_WORK REQUEST_
Using the records below, transcribe word for word the stretch from the line that contains "by (rule linear_frechet_derivative[OF" through the line that contains "from has_derivative_add[OF this", both end lines included, and nothing else.
START INPUT DATA
lemma nn_integral_iterate_steps_le:
  fixes s :: "'e \<Rightarrow> 'a::topological_space \<Rightarrow> 'a" and V :: "'a \<Rightarrow> real"
  assumes p: "prob_space p"
    and s: "(\<lambda>(e, \<theta>). s e \<theta>) \<in> borel_measurable (p \<Otimes>\<^sub>M borel)"
    and V: "V \<in> borel_measurable borel" "\<And>\<theta>. 0 \<le> V \<theta>"
    and step: "\<And>\<theta>. (\<integral>\<^sup>+e. V (s e \<theta>) \<partial>p) \<le> ennreal (\<rho> * V \<theta> + C)"
    and \<rho>: "0 \<le> \<rho>" and C: "0 \<le> C"
  shows "(\<integral>\<^sup>+x. V (iterate_steps s a t x) \<partial>\<Pi>\<^sub>M i\<in>{..<t}. p)
           \<le> ennreal (\<rho> ^ t * V a + C * (\<Sum>i<t. \<rho> ^ i))"
proof (induction t)
  case 0
  show ?case by (simp add: PiM_empty)
next
  case (Suc t)
  interpret product_prob_space "\<lambda>_::nat. p" by (rule product_prob_spaceI) (use p in auto)
  let ?\<Theta> = "iterate_steps s a t"
  have m: "(\<lambda>x. V (?\<Theta> x)) \<in> borel_measurable (\<Pi>\<^sub>M i\<in>{..<t}. p)"
    using measurable_iterate_steps[OF s order_refl] V(1) by measurable
  have m': "(\<lambda>x. V (iterate_steps s a (Suc t) x)) \<in> borel_measurable (\<Pi>\<^sub>M i\<in>{..<Suc t}. p)"
    using measurable_iterate_steps[OF s order_refl] V(1) by measurable
  have "(\<integral>\<^sup>+x. V (iterate_steps s a (Suc t) x) \<partial>\<Pi>\<^sub>M i\<in>{..<Suc t}. p)
      = (\<integral>\<^sup>+x. (\<integral>\<^sup>+e. V (iterate_steps s a (Suc t) (x(t := e))) \<partial>p) \<partial>\<Pi>\<^sub>M i\<in>{..<t}. p)"
    using m' by (simp add: lessThan_Suc product_nn_integral_insert)
  also have "\<dots> = (\<integral>\<^sup>+x. (\<integral>\<^sup>+e. V (s e (?\<Theta> x)) \<partial>p) \<partial>\<Pi>\<^sub>M i\<in>{..<t}. p)"
  proof -
    have "?\<Theta> (x(t := e)) = ?\<Theta> x" for x e by (rule iterate_steps_cong) auto
    then show ?thesis by simp
  qed
  also have "\<dots> \<le> (\<integral>\<^sup>+x. ennreal \<rho> * ennreal (V (?\<Theta> x)) + ennreal C \<partial>\<Pi>\<^sub>M i\<in>{..<t}. p)"
    using step \<rho> V(2) C by (intro nn_integral_mono) (simp add: ennreal_plus ennreal_mult)
  also have "\<dots> = ennreal \<rho> * (\<integral>\<^sup>+x. V (?\<Theta> x) \<partial>\<Pi>\<^sub>M i\<in>{..<t}. p) + ennreal C"
    using m by (simp add: nn_integral_add nn_integral_cmult
        prob_space.emeasure_space_1[OF prob_space_PiM[OF p], of "{..<t}"])
  also have "\<dots> \<le> ennreal \<rho> * ennreal (\<rho> ^ t * V a + C * (\<Sum>i<t. \<rho> ^ i)) + ennreal C"
    using Suc.IH by (intro add_mono mult_left_mono) auto
  also have "\<dots> = ennreal (\<rho> * (\<rho> ^ t * V a + C * (\<Sum>i<t. \<rho> ^ i)) + C)"
    using \<rho> C V(2) by (simp add: ennreal_plus ennreal_mult sum_nonneg)
  also have "\<rho> * (\<rho> ^ t * V a + C * (\<Sum>i<t. \<rho> ^ i)) + C = \<rho> ^ Suc t * V a + C * (\<Sum>i<Suc t. \<rho> ^ i)"
    by (simp only: sum.lessThan_Suc_shift) (simp add: sum_distrib_left algebra_simps)
  finally show ?case .
qed

lemma (in prob_space) nn_integral_iid_prefix:
  fixes t :: nat
  assumes indep: "indep_vars (\<lambda>_. N) X UNIV"
    and X: "\<And>i. random_variable N (X i)"
    and law: "\<And>i. distr M N (X i) = N"
    and h: "h \<in> borel_measurable (\<Pi>\<^sub>M i\<in>{..<t}. N)"
  shows "(\<integral>\<^sup>+\<omega>. h (\<lambda>i\<in>{..<t}. X i \<omega>) \<partial>M) = (\<integral>\<^sup>+x. h x \<partial>\<Pi>\<^sub>M i\<in>{..<t}. N)"
proof (cases "t = 0")
  case True
  then show ?thesis by (simp add: PiM_empty restrict_def emeasure_space_1 nn_integral_count_space_finite)
next
  case False
  have "distr M (\<Pi>\<^sub>M i\<in>{..<t}. N) (\<lambda>\<omega>. \<lambda>i\<in>{..<t}. X i \<omega>) = (\<Pi>\<^sub>M i\<in>{..<t}. distr M N (X i))"
    using indep_vars_subset[OF indep] False by (subst indep_vars_iff_distr_eq_PiM[symmetric]) (auto intro: X)
  then have distr: "distr M (\<Pi>\<^sub>M i\<in>{..<t}. N) (\<lambda>\<omega>. \<lambda>i\<in>{..<t}. X i \<omega>) = (\<Pi>\<^sub>M i\<in>{..<t}. N)"
    by (simp add: law)
  have "(\<integral>\<^sup>+\<omega>. h (\<lambda>i\<in>{..<t}. X i \<omega>) \<partial>M)
      = (\<integral>\<^sup>+x. h x \<partial>distr M (\<Pi>\<^sub>M i\<in>{..<t}. N) (\<lambda>\<omega>. \<lambda>i\<in>{..<t}. X i \<omega>))"
    by (rule nn_integral_distr[symmetric, OF measurable_restrict[OF X]]) (simp add: distr h)
  then show ?thesis by (simp only: distr)
qed

lemma (in prob_space) expectation_iterate_steps_le:
  fixes s :: "'e \<Rightarrow> 'b::topological_space \<Rightarrow> 'b" and V :: "'b \<Rightarrow> real"
  assumes p: "prob_space p"
    and indep: "indep_vars (\<lambda>_. p) X UNIV"
    and X: "\<And>i. random_variable p (X i)"
    and law: "\<And>i. distr M p (X i) = p"
    and s: "(\<lambda>(e, \<theta>). s e \<theta>) \<in> borel_measurable (p \<Otimes>\<^sub>M borel)"
    and V: "V \<in> borel_measurable borel" "\<And>\<theta>. 0 \<le> V \<theta>"
    and step: "\<And>\<theta>. (\<integral>\<^sup>+e. V (s e \<theta>) \<partial>p) \<le> ennreal (\<rho> * V \<theta> + C)"
    and \<rho>: "0 \<le> \<rho>" and C: "0 \<le> C"
  shows "expectation (\<lambda>\<omega>. V (iterate_steps s a t (\<lambda>i. X i \<omega>))) \<le> \<rho> ^ t * V a + C * (\<Sum>i<t. \<rho> ^ i)"
proof -
  have restrict: "iterate_steps s a t (\<lambda>i. X i \<omega>) = iterate_steps s a t (\<lambda>i\<in>{..<t}. X i \<omega>)" for \<omega>
    by (rule iterate_steps_cong) simp
  have V_meas: "(\<lambda>x. V (iterate_steps s a t x)) \<in> borel_measurable (\<Pi>\<^sub>M i\<in>{..<t}. p)"
    using measurable_iterate_steps[OF s order_refl] V(1) by measurable
  have "expectation (\<lambda>\<omega>. V (iterate_steps s a t (\<lambda>i. X i \<omega>)))
      = enn2real (\<integral>\<^sup>+\<omega>. V (iterate_steps s a t (\<lambda>i\<in>{..<t}. X i \<omega>)) \<partial>M)"
    using measurable_compose[OF measurable_restrict[OF X] V_meas] V(2)
    by (simp add: restrict integral_eq_nn_integral)
  also have "(\<integral>\<^sup>+\<omega>. V (iterate_steps s a t (\<lambda>i\<in>{..<t}. X i \<omega>)) \<partial>M)
      = (\<integral>\<^sup>+x. V (iterate_steps s a t x) \<partial>\<Pi>\<^sub>M i\<in>{..<t}. p)"
    by (rule nn_integral_iid_prefix[OF indep X law]) (use V_meas in measurable)
  also have "enn2real \<dots> \<le> \<rho> ^ t * V a + C * (\<Sum>i<t. \<rho> ^ i)"
  proof (rule enn2real_leI)
    show "0 \<le> \<rho> ^ t * V a + C * (\<Sum>i<t. \<rho> ^ i)" using V(2)[of a] C \<rho> by (simp add: sum_nonneg)
  qed (rule nn_integral_iterate_steps_le[OF p s V step \<rho> C])
  finally show ?thesis .
qed

theorem mainTheorem3:
  fixes p :: "'e measure"
    and P :: "'w measure"
    and f :: "'e \<Rightarrow> 'a::euclidean_space \<Rightarrow> real"
    and gradf :: "'e \<Rightarrow> 'a \<Rightarrow> 'a"
    and c :: "'e \<Rightarrow> 'a \<Rightarrow> 'a"
    and X :: "nat \<Rightarrow> 'w \<Rightarrow> 'e"
    and theta :: "nat \<Rightarrow> 'w \<Rightarrow> 'a"
    and theta0 thetas :: 'a
    and L H Mbar eta :: real
  assumes p_prob: "prob_space p"
    and P_prob: "prob_space P"
    and grad: "\<And>e \<theta>. e \<in> space p \<Longrightarrow> (f e has_derivative (\<lambda>h. gradf e \<theta> \<bullet> h)) (at \<theta>)"
    and f_meas: "\<And>\<theta>. integrable p (\<lambda>e. f e \<theta>)"
    and gradf_meas: "(\<lambda>(e, \<theta>). gradf e \<theta>) \<in> borel_measurable (p \<Otimes>\<^sub>M borel)"
    and c_meas: "(\<lambda>(e, \<theta>). c e \<theta>) \<in> borel_measurable (p \<Otimes>\<^sub>M borel)"
    and gradf_int: "\<And>\<theta>. integrable p (\<lambda>e. gradf e \<theta>)"
    and c_int: "\<And>\<theta>. integrable p (\<lambda>e. c e \<theta>)"
    and M_int: "\<And>\<theta>. integrable p (\<lambda>e. (norm (gradf e thetas - c e \<theta>))\<^sup>2)"
    and interchange: "\<And>\<theta>. ((\<lambda>x. integral\<^sup>L p (\<lambda>e. f e x)) has_derivative
                         (\<lambda>h. integral\<^sup>L p (\<lambda>e. gradf e \<theta>) \<bullet> h)) (at \<theta>)"
    and minimizer: "\<And>\<theta>. integral\<^sup>L p (\<lambda>e. f e thetas) \<le> integral\<^sup>L p (\<lambda>e. f e \<theta>)"
    and c_zero: "\<And>\<theta>. integral\<^sup>L p (\<lambda>e. c e \<theta>) = 0"
    and L_pos: "L > 0" and H_pos: "H > 0" and Mbar_nonneg: "Mbar \<ge> 0"
    and A1: "\<And>e \<theta> \<theta>'. e \<in> space p \<Longrightarrow> norm (gradf e \<theta> - gradf e \<theta>') \<le> L * norm (\<theta> - \<theta>')"
    and A2: "\<And>e. e \<in> space p \<Longrightarrow> strongly_convex_on UNIV H (f e)"
    and A4: "\<And>\<theta>. integral\<^sup>L p (\<lambda>e. (norm (gradf e thetas - c e \<theta>))\<^sup>2) \<le> Mbar"
    and X_meas: "\<And>i. X i \<in> measurable P p"
    and X_distr: "\<And>i. distr P p (X i) = p"
    and X_indep: "prob_space.indep_vars P (\<lambda>_. p) X UNIV"
    and theta_0: "\<And>\<omega>. theta 0 \<omega> = theta0"
    and theta_Suc: "\<And>t \<omega>. theta (Suc t) \<omega> =
        theta t \<omega> - eta *\<^sub>R (gradf (X t \<omega>) (theta t \<omega>) - c (X t \<omega>) (theta t \<omega>))"
    and eta_pos: "0 < eta" and eta_le: "eta \<le> 1 / (2 * L)"
    and rho_ne: "1 - eta * H * (1 - 2 * L * eta) \<noteq> 1"
  shows "\<forall>t. prob_space.expectation P (\<lambda>\<omega>. (norm (theta t \<omega> - thetas))\<^sup>2)
           \<le> (1 - eta * H * (1 - 2 * L * eta)) ^ t * (norm (theta0 - thetas))\<^sup>2
             + 2 * eta\<^sup>2 * Mbar * ((1 - eta * H * (1 - 2 * L * eta)) ^ t - 1)
               / ((1 - eta * H * (1 - 2 * L * eta)) - 1)"
proof -
  interpret P: prob_space P by (rule P_prob)
  define \<rho> where "\<rho> = 1 - eta * H * (1 - 2 * L * eta)"
  define s where "s e \<theta> = \<theta> - eta *\<^sub>R (gradf e \<theta> - c e \<theta>)" for e \<theta>
  define V where "V \<theta> = (norm (\<theta> - thetas))\<^sup>2" for \<theta>
  have s_meas: "(\<lambda>(e, \<theta>). s e \<theta>) \<in> borel_measurable (p \<Otimes>\<^sub>M borel)"
    using gradf_meas c_meas unfolding s_def by (simp add: split_beta') measurable
  have eta_L: "2 * L * eta \<le> 1" using eta_le L_pos by (simp add: field_simps)
  obtain e0 where e0: "e0 \<in> space p" using prob_space.not_empty[OF p_prob] by auto
  have \<rho>_nonneg: "0 \<le> \<rho>"
    unfolding \<rho>_def using H_pos strongly_convex_modulus_le_lipschitz[OF grad[OF e0] A2[OF e0] A1[OF e0]]
    by (intro sgd_contraction_factor_nonneg[OF eta_pos eta_L]) auto
  have grad_mean: "integral\<^sup>L p (\<lambda>e. gradf e thetas) = 0"
    using gradient_zero_at_minimum[OF interchange minimizer] .
  have step: "(\<integral>\<^sup>+e. V (s e \<theta>) \<partial>p) \<le> ennreal (\<rho> * V \<theta> + 2 * eta\<^sup>2 * Mbar)" for \<theta>
    unfolding V_def s_def \<rho>_def
  proof (rule nn_integral_sgd_step_le[OF p_prob gradf_meas c_meas gradf_int c_int M_int grad_mean
        c_zero A4 _ _ eta_pos eta_L])
    fix e \<theta> assume e: "e \<in> space p"
    show "(norm (gradf e \<theta> - gradf e thetas))\<^sup>2 \<le> 2 * L * ((gradf e \<theta> - gradf e thetas) \<bullet> (\<theta> - thetas))"
      using H_pos
      by (intro strongly_convex_on_lipschitz_gradient_cocoercive[OF grad[OF e] A1[OF e] L_pos A2[OF e]]) simp
    show "H * (norm (\<theta> - thetas))\<^sup>2 \<le> (gradf e \<theta> - gradf e thetas) \<bullet> (\<theta> - thetas)"
      by (rule strongly_convex_on_gradient_strongly_monotone[OF grad[OF e] A2[OF e]])
  qed (use H_pos in simp)
  have theta_iterate: "theta t \<omega> = iterate_steps s theta0 t (\<lambda>i. X i \<omega>)" for t \<omega>
    by (induction t) (simp_all add: theta_0 theta_Suc s_def)
  have geometric: "(\<Sum>i<t. \<rho> ^ i) = (\<rho> ^ t - 1) / (\<rho> - 1)" for t
    using rho_ne unfolding \<rho>_def sum_gp_strict by (simp add: field_simps)
  show ?thesis
    unfolding \<rho>_def[symmetric]
    using P.expectation_iterate_steps_le[OF p_prob X_indep X_meas X_distr s_meas _ _ step \<rho>_nonneg]
      Mbar_nonneg
    by (simp add: V_def theta_iterate geometric)
qed
lemma frechet_derivative_Basis_expansion:
  assumes "g differentiable (at z)"
  shows "frechet_derivative g (at z) v = (\<Sum>b\<in>Basis. (v \<bullet> b) *\<^sub>R frechet_derivative g (at z) b)"
proof -
  interpret linear "frechet_derivative g (at z)"
    by (rule linear_frechet_derivative[OF assms])
  show ?thesis
    by (subst euclidean_representation[symmetric, of v]) (simp add: sum scale)
qed

text \<open>Finite sums of products of smooth functions are closed under partial derivatives (Leibniz
  rule), which makes them an invariant for the coinduction principle above.\<close>
definition sum_prods :: "(('a \<Rightarrow> real) \<times> ('a \<Rightarrow> real)) list \<Rightarrow> 'a \<Rightarrow> real" where
  "sum_prods ps = (\<lambda>z. \<Sum>(f, g)\<leftarrow>ps. f z * g z)"

definition partial_prods ::
    "'a::euclidean_space \<Rightarrow> (('a \<Rightarrow> real) \<times> ('a \<Rightarrow> real)) list \<Rightarrow> (('a \<Rightarrow> real) \<times> ('a \<Rightarrow> real)) list" where
  "partial_prods b ps = concat (map (\<lambda>(f, g).
     [(\<lambda>z. frechet_derivative f (at z) b, g), (f, \<lambda>z. frechet_derivative g (at z) b)]) ps)"

lemma has_derivative_sum_prods:
  assumes "\<forall>(f, g)\<in>set ps. f differentiable (at z) \<and> g differentiable (at z)"
  shows "(sum_prods ps has_derivative (\<lambda>v. \<Sum>(f, g)\<leftarrow>ps.
           frechet_derivative f (at z) v * g z + f z * frechet_derivative g (at z) v)) (at z)"
  using assms
proof (induction ps)
  case Nil
  then show ?case by (simp add: sum_prods_def)
next
  case (Cons p ps)
  obtain f g where p: "p = (f, g)" by fastforce
  have "((\<lambda>z. f z * g z) has_derivative
          (\<lambda>v. f z * frechet_derivative g (at z) v + frechet_derivative f (at z) v * g z)) (at z)"
    using Cons.prems frechet_derivative_works by (intro has_derivative_mult) (auto simp: p)
  from has_derivative_add[OF this Cons.IH] Cons.prems show ?case
    by (simp add: sum_prods_def p algebra_simps)
qed

lemma sum_prods_partial_prods:
  "(\<Sum>(f, g)\<leftarrow>ps. frechet_derivative f (at z) b * g z + f z * frechet_derivative g (at z) b)
     = sum_prods (partial_prods b ps) z"
  by (induction ps) (auto simp: sum_prods_def partial_prods_def)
END INPUT DATA
_RESPONSE BELOW_
    by (rule linear_frechet_derivative[OF assms])
  show ?thesis
    by (subst euclidean_representation[symmetric, of v]) (simp add: sum scale)
qed

text \<open>Finite sums of products of smooth functions are closed under partial derivatives (Leibniz
  rule), which makes them an invariant for the coinduction principle above.\<close>
definition sum_prods :: "(('a \<Rightarrow> real) \<times> ('a \<Rightarrow> real)) list \<Rightarrow> 'a \<Rightarrow> real" where
  "sum_prods ps = (\<lambda>z. \<Sum>(f, g)\<leftarrow>ps. f z * g z)"

definition partial_prods ::
    "'a::euclidean_space \<Rightarrow> (('a \<Rightarrow> real) \<times> ('a \<Rightarrow> real)) list \<Rightarrow> (('a \<Rightarrow> real) \<times> ('a \<Rightarrow> real)) list" where
  "partial_prods b ps = concat (map (\<lambda>(f, g).
     [(\<lambda>z. frechet_derivative f (at z) b, g), (f, \<lambda>z. frechet_derivative g (at z) b)]) ps)"

lemma has_derivative_sum_prods:
  assumes "\<forall>(f, g)\<in>set ps. f differentiable (at z) \<and> g differentiable (at z)"
  shows "(sum_prods ps has_derivative (\<lambda>v. \<Sum>(f, g)\<leftarrow>ps.
           frechet_derivative f (at z) v * g z + f z * frechet_derivative g (at z) v)) (at z)"
  using assms
proof (induction ps)
  case Nil
  then show ?case by (simp add: sum_prods_def)
next
  case (Cons p ps)
  obtain f g where p: "p = (f, g)" by fastforce
  have "((\<lambda>z. f z * g z) has_derivative
          (\<lambda>v. f z * frechet_derivative g (at z) v + frechet_derivative f (at z) v * g z)) (at z)"
    using Cons.prems frechet_derivative_works by (intro has_derivative_mult) (auto simp: p)
  from has_derivative_add[OF this Cons.IH] Cons.prems show ?case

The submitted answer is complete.